40 & 42 Princes Street

40 & 42 princes street

(East Side) - An Eighteenth Century Town House

 

Today's Grade II Listed 40 and 42 Princes Street, presently occupied by the Mad Hatter joke shop, was originally a small eighteenth century town house still discernible behind the modern ground floor shop fronts and garish signage. In earlier times its red Yeovil brick frontage with golden Ham stone dressings would have given it the appearance of a fine residence, albeit somewhat less grand than its neighbours on the opposite side of the street.

At the beginning of the nineteenth century it was the home of wealthy gentleman John Glyde.

During the Second World War the basement of this building was adapted as an air raid shelter, known as Public Basement Shelter P19, with the ability to shelter up to 50 persons.

As seen in the photograph below, during the late 1970s / early 1980s 42 was Thorne's hairdresser and tobacconist and 40 was the WI Market. Later both would become the premises of Ceres wholefood bakery, then the Mad Hatter in 42 and Ceres in 40 and today both are the Mad Hatter.

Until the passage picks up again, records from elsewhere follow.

text \<open>Let A be a singular (N+1) x (N+1) matrix and V a vector with last entry 1 satisfying
  the equations of A V = 0 for the rows sigma 0, ..., sigma (N - 1).  If these rows,
  restricted to the first N columns, form an invertible matrix, then V is the normalised
  generator of the kernel, so it satisfies all equations of A V = 0.\<close>
lemma kernel_extension:
  fixes A :: "nat \<Rightarrow> nat \<Rightarrow> 'a::field"
  assumes sing: "detf (Suc N) A = 0"
    and minor: "detf N (\<lambda>i j. A (\<sigma> i) j) \<noteq> 0"
    and \<sigma>: "\<And>i. i < N \<Longrightarrow> \<sigma> i < Suc N"
    and rows: "\<And>i. i < N \<Longrightarrow> (\<Sum>j<Suc N. A (\<sigma> i) j * V j) = 0"
    and V: "V N = 1" and i: "i < Suc N"
  shows "(\<Sum>j<Suc N. A i j * V j) = 0"
proof -
  obtain w where w_nz: "\<exists>j<Suc N. w j \<noteq> 0"
    and w: "\<And>i. i < Suc N \<Longrightarrow> (\<Sum>j<Suc N. A i j * w j) = 0"
    using detf_zero_kernel[OF sing] by blast
  have wN: "w N \<noteq> 0"
  proof
    assume wN0: "w N = 0"
    have "w j = 0" if "j < N" for j
    proof (rule detf_nonzero_kernel[OF minor _ that])
      fix k assume "k < N"
      then show "(\<Sum>j<N. A (\<sigma> k) j * w j) = 0" using w[of "\<sigma> k"] \<sigma> wN0 by simp
    qed
    with wN0 w_nz show False using less_Suc_eq by auto
  qed
  define W where "W j = w j / w N" for j
  have W: "(\<Sum>j<Suc N. A i j * W j) = 0" if "i < Suc N" for i
    using w[OF that] unfolding W_def times_divide_eq_right sum_divide_distrib[symmetric] by simp
  have "V j = W j" if "j < N" for j
  proof -
    have "V j - W j = 0"
    proof (rule detf_nonzero_kernel[OF minor _ that])
      fix k assume k: "k < N"
      have "(\<Sum>j<Suc N. A (\<sigma> k) j * (V j - W j)) = 0"
        using rows[OF k] W[OF \<sigma>[OF k]] by (simp add: right_diff_distrib sum_subtractf)
      then show "(\<Sum>j<N. A (\<sigma> k) j * (V j - W j)) = 0" using V wN by (simp add: W_def)
    qed
    thus ?thesis by simp
  qed
  hence "V j = W j" if "j < Suc N" for j
    using that V wN by (auto simp: W_def less_Suc_eq)
  thus ?thesis using W[OF i] by simp
qed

The following description is from the Somerset Historic Environment Record -

Town house of the C18, now shops. Brick (colour-washed) with stone dressings, with Welsh slated roof of steepish pitch between coped gables, end chimney stacks now truncated. 2-storey. Modern shopfronts to ground floor; first floor similar to Nos 46 plain reveals, and wider side windows with C20 timber casements (the cills lowered to top of fascia to shops), all with gauged brick flat arches with keystones. Rusticated quoins and stone cornice, with parapet over of uncertain date, rendered and divided up into small square panels.

 

gallery

 

A photograph of the 1950s of the block of former seventeenth and eighteenth town houses on the eastern side of Princes Street, to the south of North Lane.

 

FW Thorne's shop at 42 Princes Street, in a colourised photograph of the 1950s.

 


This colourised photograph features in my book 'Yeovil From Old Photographs'

Photographed (I think) in the late 1970s when 46 & 48 were Channing's toy shop, 44 was Widgers estate agents, 42 was Thorne's hairdresser and tobacconist and 40 was the WI Market (before it moved to Hendford, near to the Butchers Arms).

 

40 & 42 Princes Street in an enlargement of the previous photograph.

 


This photograph features in my book 'Now That's What I Call Yeovil'

The terrace photographed around 1990.

 

During the late 1980s and early 1990s Ceres natural foods shop was in the left hand part of the property while their bakery was in the right hand side. Photographed around 1990.

 

By  2008 the Mad Hatter had moved into the left part of the property.

 

The nice eighteenth century town house survives behind the garish modern signage.  Photographed in 2013, by which time the Mad Hatter fancy dress and joke shop had been in the whole of 40 & 42 for about a year.